Laurent Martin, Des rives lointaines

Laurent Martin, Des rives lointaines

Quatre cadavres, des policiers qui enquêtent, mais ce n’est pas vraiment un polar

Une Usine, une Ville, la Caserne (en fait trois « barres » où vivote une population ouvrière) et le Panama (le bar du coin, là où l’on va pour oublier) : la vie des personnages du roman de Laurent Martin ne s’épanouira pas au-delà du cercle que l’on peut tracer entre ces quatre points. Quatre points anonymes, ou portant des noms trop emblématiques, apparaissant toujours en italiques dans le texte – détourés sur la page comme les lieux qu’ils désignent peuvent l’être au milieu de l’environnement des habitants. Des lieux archétypes comme le sont au fond la plupart des personnages – pourtant dûment individualisés, nommés, décrits, et pourvus d’une histoire personnelle.

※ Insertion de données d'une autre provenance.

(* Let $B$ be a finite connected graph of positive order without half-loops. Let $s\ge1$, let $\vec m=(m_1,\dots,m_s)$ and $\vec k_0=(k_1^0,\dots,k_s^0)$ be $s$-tuples of positive integers, and let $g_1,\dots,g_s$ be $B$-Ramanujan functions. Then the truncated weighted convolution $(g_1\ast\cdots\ast g_s)^{\vec k_0}_{\vec m}$ is a $B$-Ramanujan function.
   Context: Graphs may have multiple edges and whole-loops; order is $|E|-|V|$. $H_B$ is the Hashimoto matrix of $B$ (indexed by directed edges, $(e,e')$ entry $1$ iff $h(e)=t(e')$ and $e'\ne e^{-1}$), $\rho$ spectral radius. A function $P$ on nonnegative integers is $B$-Ramanujan if $P(k)=\sum_{\mu\in\mathrm{Spec}(H_B)}\mu^kp_\mu(k)+e(k)$ with polynomials $p_\mu$, and for every $\epsilon>0$ there is $C$ with $|e(k)|\le C(\rho(H_B)+\epsilon)^{k/2}$ for all $k$. The truncated weighted convolution is $(g_1\ast\cdots\ast g_s)^{\vec k_0}_{\vec m}(k)=\sum g_1(k_1)\cdots g_s(k_s)$, the sum over all integer vectors $\vec k=(k_1,\dots,k_s)$ with $k_i\ge k_i^0$ and $\sum_im_ik_i=k$. *)

theory Defs
  imports "HOL-Analysis.Analysis" "HOL-Computational_Algebra.Polynomial"
begin

text \<open>A finite graph B (multiple edges and whole-loops allowed) is given by its
set of directed edges, the finite type 'd, its vertex set, the finite type 'v,
tail and head maps tail, head :: 'd => 'v and the edge reversal rv :: 'd => 'd.
Every undirected edge corresponds to the pair {e, rv e}.\<close>

definition graph :: "('d::finite \<Rightarrow> 'v::finite) \<Rightarrow> ('d \<Rightarrow> 'v) \<Rightarrow> ('d \<Rightarrow> 'd) \<Rightarrow> bool" where
  "graph tail head rv \<longleftrightarrow> (\<forall>e. rv (rv e) = e \<and> tail (rv e) = head e)"

definition no_half_loops :: "('d \<Rightarrow> 'd) \<Rightarrow> bool" where
  "no_half_loops rv \<longleftrightarrow> (\<forall>e. rv e \<noteq> e)"

definition connected_graph :: "('d::finite \<Rightarrow> 'v::finite) \<Rightarrow> ('d \<Rightarrow> 'v) \<Rightarrow> bool" where
  "connected_graph tail head \<longleftrightarrow> (\<forall>u v. (u, v) \<in> (range (\<lambda>e. (tail e, head e)))\<^sup>*)"

text \<open>Order |E| - |V|, with |E| = (number of directed edges) / 2.\<close>
definition graph_order :: "('d::finite \<Rightarrow> 'v::finite) \<Rightarrow> int" where
  "graph_order tail = int (CARD('d) div 2) - int CARD('v)"

definition hashimoto :: "('d::finite \<Rightarrow> 'v) \<Rightarrow> ('d \<Rightarrow> 'v) \<Rightarrow> ('d \<Rightarrow> 'd) \<Rightarrow> complex^'d^'d" where
  "hashimoto tail head rv = (\<chi> e e'. if head e = tail e' \<and> e' \<noteq> rv e then 1 else 0)"

definition mat_spectrum :: "complex^'n^'n \<Rightarrow> complex set" where
  "mat_spectrum A = {\<mu>. \<exists>v. v \<noteq> 0 \<and> A *v v = \<mu> *s v}"

definition spectral_rad :: "complex^'n^'n \<Rightarrow> real" where
  "spectral_rad A = Max (norm ` mat_spectrum A)"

Dans une langue familière, cultivant les relâchements syntaxiques propres au langage parlé mais soucieuse, aussi, d’une certaine rythmique qui l’apparente, en maints endroits, à de la poésie – notamment lorsque les adjectifs se juxtaposent sans virgule : Des heures d’impatience contenues retenues étouffées dans les corps de chacun. – Joseph, le narrateur, raconte les gens, les lieux… la vie telle qu’en elle-même. Il y a ses rêves d’ailleurs (les rives du Mississipi), sa bien-aimée Julitte, la ritournelle du vin blanc sec qui coule dans les gosiers – tel l’hymne local – la vieille prostituée sur le retour mais généreuse en diable, le Grand Louis tout juste sorti de prison qui a trouvé son salut dans la lecture et l’observation des étoiles, la tendre Juliette qui bosse dur pour « faire des études »… Et s’il n’y avait pas ces cadavres, ces morts de façon pas naturelle, l’on aurait entre les mains rien autre qu’une banale chronique banlieusarde désabusée douce amère et cruelle – inclinant vers le mélodrame sirupeux larmoyant si l’on ajoute que le narrateur n’a pas connu son père, qu’il doit quitter le lycée et aller à l’Usine pour aider sa pauvre mère en train de sombrer dans la folie… mais ce ne sont pas ces cadavres qui vont faire basculer le récit vers le polar. Non : le roman demeure social.

Et c’est sans doute son aspect le plus irritant : l’insistance à souligner l’horizon bouché des ouvriers, la ghettoïsation de la Caserne, l’impossibilité de trouver le réconfort ailleurs que dans le vin blanc sec devient pesante à la longue ; le manichéisme facile opposant les pauvres ouvriers généreux solidaires exploités au Directeur paternaliste, soucieux de rentabilité, et menant son monde à la baguette fait sourire, et, enfin, la glorification sans nuance du militantisme syndical et de la solidarité prolétarienne a des couleurs très épinaliennes…

Mais il y a l’écriture qui sauve tout – ou presque – avec cette poésie un peu naïve qui croque sans concession une réalité morne et grise : Les autres, ils passent leur temps à regarder le temps qui n’avance pas, ou qui avance trop vite. C’est selon. Une poésie qui relève de sa chaleur la tendresse dont le récit est empreint, confère une sincérité émouvante aux pires lieux communs du mélodrame social et qui, surtout, fait pardonner cette façon par trop hagiographique de dépeindre la condition ouvrière et le militantisme syndical.
De la Caserne au Mississipi, il y a l’espace des rêveries d’un adolescent – et le livre de Laurent Martin.

isabelle roche

   
 

Laurent Martin, Des rives lointaines, Le Passage, 2004, 136 p. – 14,00 €.